(* For any encoding-decoding functions $(f^{(n)},g^{(n)})$ such that \begin{align} \frac{1}{n}\log L&\leq R^{\mathrm{c}},~ \frac{1}{n}\log M\geq R^{\mathrm{i}}, \end{align} given any deterministic function $h^{(n)}$ and any distortion level $D$, we have \begin{align} \mathrm{P}_\mathrm{c}^{(n)}(f^{(n)},g^{(n)},h^{(n)},D) &\leq P_{W\mathbf{T}}\Bigg\{\bigcap_{i=1}^7\mathcal{A}_i(W)\Bigg\}+6e^{-n\eta}. \end{align}
   Context: Setting (content identification with lossy recovery): finite alphabets $\mathcal{X},\mathcal{Y},\mathcal{Z},\hat{\mathcal{X}}$, distortion $d$ with $d(x^n,\hat{x}^n)=\frac1n\sum_i d(x_i,\hat{x}_i)$. $M$ feature vectors $X^n(m)$ i.i.d. $P_X^n$; $Y^n(m)$ is the output of DMC $P_{Y|X}$ with input $X^n(m)$; $S(m)=f^{(n)}(Y^n(m))\in\{1,\ldots,L\}$ with deterministic $f^{(n)}$; $W$ uniform on $\{1,\ldots,M\}$ independent of all; $Z^n$ is the output of DMC $P_{Z|X}$ with input $X^n(W)$; $\hat{W}=g^{(n)}(S(1),\ldots,S(M),Z^n)$, with decoding regions $\mathcal{D}(s^M,w)=\{z^n:g^{(n)}(s^M,z^n)=w\}$; $\hat{X}^n=h^{(n)}(S(\hat{W}),Z^n)$. $\mathrm{P}_\mathrm{c}^{(n)}(f^{(n)},g^{(n)},h^{(n)},D)=\Pr\{\hat{W}=W,~d(X^n(W),\hat{X}^n)\leq D\}$. Let $\mathbf{t}=(x^n(1),\ldots,x^n(M),y^n(1),\ldots,y^n(M),s(1),\ldots,s(M),z^n,\hat{x}^n)$, and let $P_{W\mathbf{T}}$ be the joint distribution of $(W,\mathbf{T})$ with $\mathbf{T}=(X^n(1..M),Y^n(1..M),S(1..M),Z^n,\hat{X}^n)$, where (as a bound device) $\hat{X}^n$ is generated as $h^{(n)}(S(W),Z^n)$, i.e. $P_{W\mathbf{T}}(w,\mathbf{t})=\frac{1}{M}\prod_{m=1}^M P_X^n(x^n(m))P_{Y|X}^n(y^n(m)|x^n(m))1\{s(m)=f^{(n)}(y^n(m))\}\cdot P_{Z|X}^n(z^n|x^n(w))1\{\hat{x}^n=h^{(n)}(s(w),z^n)\}$. For every $w$ the joint law of $(X^n(w),Y^n(w),S(w),Z^n,\hat{X}^n)$ under $P_{W\mathbf{T}}$ given $W=w$ is the same distribution $P_{X^nY^nSZ^n\hat{X}^n}$; all $P$'s below ($P_{Y^n},P_{Z^n|Y^n},P_{X^n|Y^nZ^n},P_{X^nY^n|SZ^n},P_{Y^nZ^n},P_{Z^n|S}$) are induced by it. Let $Q_{Y^n},Q_{Z^n|SY^n},Q_{X^n|SY^nZ^n},Q_{X^nY^n|SZ^n\hat{X}^n},Q_{Y^nZ^n|S},Q_{Z^n}$ be arbitrary distributions and $\eta>0$. For $w\in\{1,\ldots,M\}$ define the sets of $\mathbf{t}$: $\mathcal{A}_1(w):\ \frac{1}{n}\log\frac{P_{Y^n}(y^n(w))}{Q_{Y^n}(y^n(w))}\geq -\eta$; $\mathcal{A}_2(w):\ \frac{1}{n}\log\frac{P_{Z^n|Y^n}(z^n|y^n(w))}{Q_{Z^n|SY^n}(z^n|s(w),y^n(w))}\geq -\eta$; $\mathcal{A}_3(w):\ \frac{1}{n}\log\frac{P_{X^n|Y^nZ^n}(x^n(w)|y^n(w),z^n)}{Q_{X^n|SY^nZ^n}(x^n(w)|s(w),y^n(w),z^n)}\geq -\eta$; $\mathcal{A}_4(w):\ \frac{1}{n}\log\frac{P_{X^nY^n|SZ^n}(x^n(w),y^n(w)|s(w),z^n)}{Q_{X^nY^n|SZ^n\hat{X}^n}(x^n(w),y^n(w)|s(w),z^n,\hat{x}^n)}\geq -\eta$; $\mathcal{A}_5(w):\ R^{\mathrm{c}}\geq \frac{1}{n}\log \frac{Q_{Y^nZ^n|S}(y^n(w),z^n|s(w))}{P_{Y^nZ^n}(y^n(w),z^n)}-\eta$; $\mathcal{A}_6(w):\ R^{\mathrm{i}}\leq \frac{1}{n}\log\frac{P_{Z^n|S}(z^n|s(w))}{Q_{Z^n}(z^n)}+\eta$; $\mathcal{A}_7(w):\ d(x^n(w),\hat{x}^n)\leq D$. *)

theory Defs
  imports "HOL-Probability.Probability_Mass_Function" "HOL-Library.Extended_Real"
begin
lemma dim_inter_orth_compl_le:
  assumes U: "vec.subspace U" and A: "sym_bilinear_on U A"
    and S: "vec.subspace S" "S \<subseteq> U" and T: "vec.subspace T" "T \<subseteq> U"
  shows "vec.dim T + vec.dim (S \<inter> orth_compl A T) \<le> vec.dim (T \<inter> orth_compl A S) + vec.dim S"
proof -
  let ?R = "S \<inter> orth_compl A T"
  obtain B where B: "finite B" "B \<subseteq> S" "card B + vec.dim ?R = vec.dim S" "S \<subseteq> vec.span (?R \<union> B)"
    using extend_basis_complement[of ?R S] by blast
  let ?K = "{y\<in>T. \<forall>g\<in>A ` B. g y = 0}"
  have "\<forall>g\<in>A ` B. linear_functional_on T g"
    using sym_bilinear_on_linear_right[OF A] B(2) S(2) linear_functional_on_subset[OF _ T(2)] by blast
  then have "vec.dim T \<le> vec.dim ?K + card (A ` B)"
    using B(1) by (intro dim_le_dim_common_kernel_on[OF T(1)]) simp_all
  moreover have "card (A ` B) \<le> card B" using B(1) by (rule card_image_le)
  moreover have "?K \<subseteq> T \<inter> orth_compl A S"
  proof
    fix y assume y: "y \<in> ?K"
    have lin: "linear_functional_on U (\<lambda>x. A x y)"
      using y T(2) by (intro sym_bilinear_on_linear_left[OF U A]) blast
    have "A s y = 0" if s: "s \<in> ?R \<union> B" for s
    proof -
      consider "s \<in> B" | "s \<in> S" "A y s = 0"
        using s y unfolding orth_compl_def by blast
      then show ?thesis
      proof cases
        case 1
        then show ?thesis using y by blast
      next
        case 2
        then show ?thesis using sym_bilinear_on_commute[OF A, of s y] y S(2) T(2) by auto
      qed
    qed
    then have "A x y = 0" if "x \<in> S" for x
      using linear_functional_on_span_eq_0[OF U lin, of "?R \<union> B" x] B(2,4) S(2) that by blast
    then show "y \<in> T \<inter> orth_compl A S" using y unfolding orth_compl_def by blast
  qed
  then have "vec.dim ?K \<le> vec.dim (T \<inter> orth_compl A S)" by (rule vec.dim_subset)
  ultimately show ?thesis using B(3) by linarith
qed

lemma dim_inter_orth_compl:
  assumes U: "vec.subspace U" and A: "sym_bilinear_on U A" and W: "vec.subspace W" "W \<subseteq> U"
  shows "vec.dim (U \<inter> orth_compl A W) + vec.dim W = vec.dim U + vec.dim (W \<inter> orth_compl A U)"
  using dim_inter_orth_compl_le[OF U A W U subset_refl] dim_inter_orth_compl_le[OF U A U subset_refl W]
  by linarith

lemma dim_add_le_of_orthogonal:
  assumes U: "vec.subspace U" and A: "sym_bilinear_on U A"
    and V: "vec.subspace V" "V \<subseteq> U" and W: "W \<subseteq> U" "W \<subseteq> orth_compl A V"
  shows "vec.dim V + vec.dim W \<le> vec.dim U + vec.dim (U \<inter> orth_compl A U)"
proof -
  have "vec.dim W \<le> vec.dim (U \<inter> orth_compl A V)" using W by (intro vec.dim_subset) blast
  moreover have "V \<inter> orth_compl A U \<subseteq> U \<inter> orth_compl A U" using V(2) by blast
  then have "vec.dim (V \<inter> orth_compl A U) \<le> vec.dim (U \<inter> orth_compl A U)" by (rule vec.dim_subset)
  ultimately show ?thesis using dim_inter_orth_compl_le[OF U A U subset_refl V] by linarith
qed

========================================================================

THE TASK:
Which lines of the records above contain the word "ultimately"? Show each of them.

RESPONSE:
  ultimately show ?thesis using B(3) by linarith
  ultimately show ?thesis using dim_inter_orth_compl_le[OF U A U subset_refl V] by linarith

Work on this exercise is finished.